DATA FOR ANALYSIS Start Marker

lemma isoG_single_vertex:
  assumes "isoG fl y y'" "wf_graph_simplex y" "fst y \<subseteq> {r}" "fst y' \<subseteq> {r}"
  shows "y = y'"
proof -
  obtain f where f: "graph_iso f y y'" using isoG_imp_graph_iso[OF assms(1)] by blast
  then have "bij_betw f (fst y) (fst y')" unfolding graph_iso_def by (auto split: prod.splits)
  then have "\<forall>v\<in>fst y. f v = v" using bij_betw_subsets_of_singleton assms(3,4) by metis
  then show ?thesis using graph_iso_fixing_eq[OF f assms(2)] by simp
qed

lemma clsG_single_vertex:
  assumes "repG {r} E n y"
  shows "clsG fl {r} E n y = {y}"
proof -
  have "y' = y" if "repG {r} E n y'" "isoG fl y y'" for y'
    using isoG_single_vertex[OF that(2) repG_wf[OF assms]] assms that(1)
    unfolding repG_def by (cases y; cases y') auto
  then show ?thesis using assms isoG_refl unfolding clsG_def by blast
qed

lemma isoT_single_vertex:
  assumes "repT {r} E n x" "repT {r} E n x'" "isoT fl E x x'"
  shows "x = x'"
proof (cases "fl = Labelled")
  case True
  then show ?thesis using assms(3) unfolding isoT_def by simp
next
  case False
  obtain S Ls S' Ls' where x: "x = (S, Ls)" "x' = (S', Ls')" by (cases x; cases x') auto
  obtain f where bij: "bij_betw f S S'" and len: "length Ls = length Ls'"
    and layers: "\<forall>i<length Ls. f ` (Ls ! i) = Ls' ! i"
    using assms(3) False unfolding isoT_def forest_iso_def x by auto
  have S: "S \<subseteq> {r}" "S' \<subseteq> {r}" and lay: "layering E S n Ls"
    using assms(1,2) admissible_subset unfolding repT_def x by auto
  then have fixed: "f ` A = A" if "A \<subseteq> S" for A
    using bij_betw_subsets_of_singleton[OF bij S] that by (simp add: subset_eq)
  have "S' = S" using fixed[of S] bij unfolding bij_betw_def by simp
  moreover have "Ls' = Ls"
  proof (rule nth_equalityI)
    fix i assume "i < length Ls'"
    then have "Ls' ! i = f ` (Ls ! i)" using layers len by simp
    also have "\<dots> = Ls ! i"
      using fixed layering_subset[OF lay] len lay \<open>i < length Ls'\<close> unfolding layering_def by simp
    finally show "Ls' ! i = Ls ! i" .
  qed (use len in simp)
  ultimately show ?thesis unfolding x by simp
qed
lemma uniform_cell_agreement:
  assumes "uniformly_continuous_map (metric (X, d)) (metric (X, d)) f" and "\<rho> > 0"
    and separated: "\<forall>W\<in>U N. \<forall>W'\<in>U N. W \<noteq> W' \<longrightarrow> (\<forall>x\<in>W. \<forall>y\<in>W'. \<rho> \<le> d x y)"
  obtains \<delta> where "\<delta> > 0"
    "\<And>x y i. x \<in> X \<Longrightarrow> y \<in> X \<Longrightarrow> d y x < \<delta> \<Longrightarrow> i \<le> N
      \<Longrightarrow> cell (U N) ((f ^^ i) y) = cell (U N) ((f ^^ i) x)"
proof -
  have funpow_uc: "\<forall>i. \<exists>\<delta>>0. \<forall>x\<in>X. \<forall>y\<in>X. d y x < \<delta> \<longrightarrow> d ((f ^^ i) y) ((f ^^ i) x) < \<rho>"
    using funpow_uniformly_continuous_map[OF assms(1)] \<open>\<rho> > 0\<close>
    by (simp add: uniformly_continuous_map_def)
  obtain \<delta> where \<delta>: "\<And>i. \<delta> i > 0"
    "\<And>i x y. x \<in> X \<Longrightarrow> y \<in> X \<Longrightarrow> d y x < \<delta> i \<Longrightarrow> d ((f ^^ i) y) ((f ^^ i) x) < \<rho>"
    using choice[OF funpow_uc] by blast
  have "cell (U N) ((f ^^ i) y) = cell (U N) ((f ^^ i) x)"
    if "x \<in> X" "y \<in> X" "d y x < Min (\<delta> ` {..N})" "i \<le> N" for x y i
  proof (rule ccontr)
    assume "cell (U N) ((f ^^ i) y) \<noteq> cell (U N) ((f ^^ i) x)"
    moreover have "(f ^^ i) x \<in> X" "(f ^^ i) y \<in> X"
      using funpow_in_X that(1,2) by auto
    ultimately have "\<rho> \<le> d ((f ^^ i) y) ((f ^^ i) x)"
      using separated[rule_format, OF cell_in_partition cell_in_partition _ mem_cell mem_cell] by blast
    moreover have "Min (\<delta> ` {..N}) \<le> \<delta> i"
      using that(4) by (intro Min_le) auto
    ultimately show False
      using \<delta>(2)[OF that(1,2), of i] that(3) by linarith
  qed
  moreover have "Min (\<delta> ` {..N}) > 0"
    using \<delta>(1) by (simp add: Min_gr_iff)
  ultimately show ?thesis
    using that[of "Min (\<delta> ` {..N})"] by blast
qed

lemma uniformly_continuous_theta:
  assumes separated: "\<And>n. \<exists>\<rho>>0. \<forall>W\<in>U n. \<forall>W'\<in>U n. W \<noteq> W'
      \<longrightarrow> (\<forall>x\<in>W. \<forall>y\<in>W'. \<rho> \<le> d x y)"
    and uc_f: "uniformly_continuous_map (metric (X, d)) (metric (X, d)) f"
  shows "uniformly_continuous_map (metric (X, d)) (metric (invlim X f U, invlim_dist)) (theta f U)"
  unfolding uniformly_continuous_map_def Metric_space.mspace_metric[OF Metric_space_invlim_dist]
    Metric_space.mdist_metric[OF Metric_space_invlim_dist] mspace_metric mdist_metric
proof (intro conjI allI impI)
  show "theta f U \<in> X \<rightarrow> invlim X f U"
    using theta_in_invlim by auto
next
  fix \<epsilon> :: real
  assume "0 < \<epsilon>"
  obtain N where N: "1 / (real N + 1) < \<epsilon>"
    using reals_Archimedean[OF \<open>0 < \<epsilon>\<close>] by (auto simp: inverse_eq_divide add.commute)
  obtain \<rho> where \<rho>: "\<rho> > 0"
    "\<forall>W\<in>U N. \<forall>W'\<in>U N. W \<noteq> W' \<longrightarrow> (\<forall>x\<in>W. \<forall>y\<in>W'. \<rho> \<le> d x y)"
    using separated[of N] by blast
  obtain \<delta> where "\<delta> > 0" and agree: "\<And>x y i. x \<in> X \<Longrightarrow> y \<in> X \<Longrightarrow> d y x < \<delta> \<Longrightarrow> i \<le> N
      \<Longrightarrow> cell (U N) ((f ^^ i) y) = cell (U N) ((f ^^ i) x)"
    by (rule uniform_cell_agreement[OF uc_f \<rho>]) blast
  have "invlim_dist (theta f U y) (theta f U x) < \<epsilon>"
    if "x \<in> X" "y \<in> X" "d y x < \<delta>" for x y
  proof -
    have "invlim_dist (theta f U y) (theta f U x) \<le> 1 / (real N + 1)"
      using that agree by (intro invlim_dist_theta_le) auto
    then show ?thesis
      using N by linarith
  qed
  then show "\<exists>\<delta>>0. \<forall>x\<in>X. \<forall>y\<in>X. d y x < \<delta>
      \<longrightarrow> invlim_dist (theta f U y) (theta f U x) < \<epsilon>"
    using \<open>\<delta> > 0\<close> by blast
qed

end

context complete_defseq_system
begin

lemma uniformly_continuous_theta_inv:
  assumes "(\<lambda>n. Sup (mdiam d ` U n)) \<longlonglongrightarrow> 0"
  shows "uniformly_continuous_map (metric (invlim X f U, invlim_dist)) (metric (X, d)) theta_inv"
  unfolding uniformly_continuous_map_def Metric_space.mspace_metric[OF Metric_space_invlim_dist]
    Metric_space.mdist_metric[OF Metric_space_invlim_dist] mspace_metric mdist_metric
proof (intro conjI allI impI)
  show "theta_inv \<in> invlim X f U \<rightarrow> X"
    using theta_inv_in_X by auto
next
  fix \<epsilon> :: real
  assume "0 < \<epsilon>"
  then obtain n where n: "Sup (mdiam d ` U n) < ereal \<epsilon>"
    using order_tendstoD(2)[OF assms, of "ereal \<epsilon>"] by (auto simp: eventually_sequentially)
  have "d (theta_inv z') (theta_inv z) < \<epsilon>"
    if "z \<in> invlim X f U" "z' \<in> invlim X f U" "invlim_dist z' z < 1 / (real n + 1)" for z z'
  proof -
    have "theta_inv z \<in> z' n 0"
      using invlim_dist_less_imp_eq[OF that(3)] theta_inv_mem[OF that(1)] by simp
    then have "ereal (d (theta_inv z') (theta_inv z)) \<le> Sup (mdiam d ` U n)"
      by (rule dist_le_Sup_mdiam[OF invlim_in_partition[OF that(2)] theta_inv_mem[OF that(2)]])
    then have "ereal (d (theta_inv z') (theta_inv z)) < ereal \<epsilon>"
      using n by (rule order.strict_trans1)
    then show ?thesis
      by simp
  qed
  then show "\<exists>\<delta>>0. \<forall>z\<in>invlim X f U. \<forall>z'\<in>invlim X f U. invlim_dist z' z < \<delta>
      \<longrightarrow> d (theta_inv z') (theta_inv z) < \<epsilon>"
    by (intro exI[of _ "1 / (real n + 1)"]) auto
qed

lemma uniformly_continuous_f_if_theta:
  assumes "uniformly_continuous_map (metric (X, d)) (metric (invlim X f U, invlim_dist)) (theta f U)"
    and "uniformly_continuous_map (metric (invlim X f U, invlim_dist)) (metric (X, d)) theta_inv"
  shows "uniformly_continuous_map (metric (X, d)) (metric (X, d)) f"
proof -
  define shift :: "(nat \<Rightarrow> nat \<Rightarrow> 'a set) \<Rightarrow> nat \<Rightarrow> nat \<Rightarrow> 'a set"
    where "shift y = (\<lambda>n i. y n (Suc i))" for y
  have theta_f: "theta f U (f x) = shift (theta f U x)" for x
    by (simp add: shift_def theta_def funpow_swap1)
  have "shift y \<in> invlim X f U" if "y \<in> invlim X f U" for y
  proof -
    have "y \<in> theta f U ` X"
      using that theta_surjective by simp
    then obtain x where "x \<in> X" "y = theta f U x"
      by blast
    then show ?thesis
      using theta_f[of x] theta_in_invlim[of "f x"] funpow_in_X[of x 1] by simp
  qed
  then have "shift \<in> invlim X f U \<rightarrow> invlim X f U"
    by blast
  moreover have "invlim_dist (shift y) (shift z) \<le> 2 * invlim_dist y z" for y z
    unfolding shift_def by (rule invlim_dist_shift_le)
  ultimately have "Lipschitz_continuous_map (metric (invlim X f U, invlim_dist))
      (metric (invlim X f U, invlim_dist)) shift"
    unfolding Lipschitz_continuous_map_def Metric_space.mspace_metric[OF Metric_space_invlim_dist]
      Metric_space.mdist_metric[OF Metric_space_invlim_dist]
    by (intro conjI exI[of _ 2]) auto
  then have "uniformly_continuous_map (metric (invlim X f U, invlim_dist))
      (metric (invlim X f U, invlim_dist)) shift"
    by (rule Lipschitz_imp_uniformly_continuous_map)
  then have "uniformly_continuous_map (metric (X, d)) (metric (X, d))
      (theta_inv \<circ> (shift \<circ> theta f U))"
    using uniformly_continuous_map_compose[OF uniformly_continuous_map_compose[OF assms(1)] assms(2)]
    by blast
  moreover have "(theta_inv \<circ> (shift \<circ> theta f U)) x = f x" if "x \<in> X" for x
    using theta_f[of x, symmetric] theta_inv_theta[of "f x"] funpow_in_X[OF that, of 1] by simp
  ultimately show ?thesis
    by (rule uniformly_continuous_map_eq[rotated]) simp
qed

end

theorem proposition4p12:
  fixes X :: "'a set" and d :: "'a \<Rightarrow> 'a \<Rightarrow> real" and f :: "'a \<Rightarrow> 'a"
    and U :: "nat \<Rightarrow> 'a set set"
  assumes "Metric_space X d"
    and "X \<noteq> {}"
    and "separable_space (Metric_space.mtopology X d)"
    and "continuous_map (Metric_space.mtopology X d) (Metric_space.mtopology X d) f"
    and "defining_sequence X d U"
  shows "(complete_defseq U \<longrightarrow>
            homeomorphic_map (Metric_space.mtopology X d)
              (Metric_space.mtopology (invlim X f U) invlim_dist) (theta f U))
       \<and> (complete_defseq U \<and> tame_defseq d U \<longrightarrow>
            (uniformly_continuous_map (metric (X, d)) (metric (X, d)) f \<longleftrightarrow>
               uniformly_continuous_map (metric (X, d)) (metric (invlim X f U, invlim_dist)) (theta f U)
             \<and> uniformly_continuous_map (metric (invlim X f U, invlim_dist)) (metric (X, d))
                 (inv_into X (theta f U))))"
proof -
  interpret defseq_system X d f U
    using assms(1,4,5) by (simp add: defseq_system_def defseq_system_axioms_def)
  show ?thesis
  proof (intro conjI impI)
    assume "complete_defseq U"
    then interpret complete_defseq_system X d f U
      by unfold_locales
    show "homeomorphic_map mtopology (Metric_space.mtopology (invlim X f U) invlim_dist) (theta f U)"
      by (rule theta_homeomorphic_map)
  next
    assume complete_tame: "complete_defseq U \<and> tame_defseq d U"
    then interpret complete_defseq_system X d f U
      by unfold_locales blast
    have diam: "(\<lambda>n. Sup (mdiam d ` U n)) \<longlonglongrightarrow> 0"
      and separated: "\<And>n. \<exists>\<rho>>0. \<forall>W\<in>U n. \<forall>W'\<in>U n. W \<noteq> W'
        \<longrightarrow> (\<forall>x\<in>W. \<forall>y\<in>W'. \<rho> \<le> d x y)"
      using complete_tame unfolding tame_defseq_def by blast+
    show "uniformly_continuous_map (metric (X, d)) (metric (X, d)) f \<longleftrightarrow>
        uniformly_continuous_map (metric (X, d)) (metric (invlim X f U, invlim_dist)) (theta f U)
      \<and> uniformly_continuous_map (metric (invlim X f U, invlim_dist)) (metric (X, d)) theta_inv"
      using uniformly_continuous_theta[OF separated] uniformly_continuous_theta_inv[OF diam]
        uniformly_continuous_f_if_theta by blast
  qed
qed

DATA FOR ANALYSIS End Marker

## TASK GOAL
Go through the listing above and find each line that contains "close", then copy it.

## PROBLEM SOLUTION
      using fixed layering_subset[OF lay] len lay \<open>i < length Ls'\<close> unfolding layering_def by simp
    using funpow_uniformly_continuous_map[OF assms(1)] \<open>\<rho> > 0\<close>
    using reals_Archimedean[OF \<open>0 < \<epsilon>\<close>] by (auto simp: inverse_eq_divide add.commute)
    using \<open>\<delta> > 0\<close> by blast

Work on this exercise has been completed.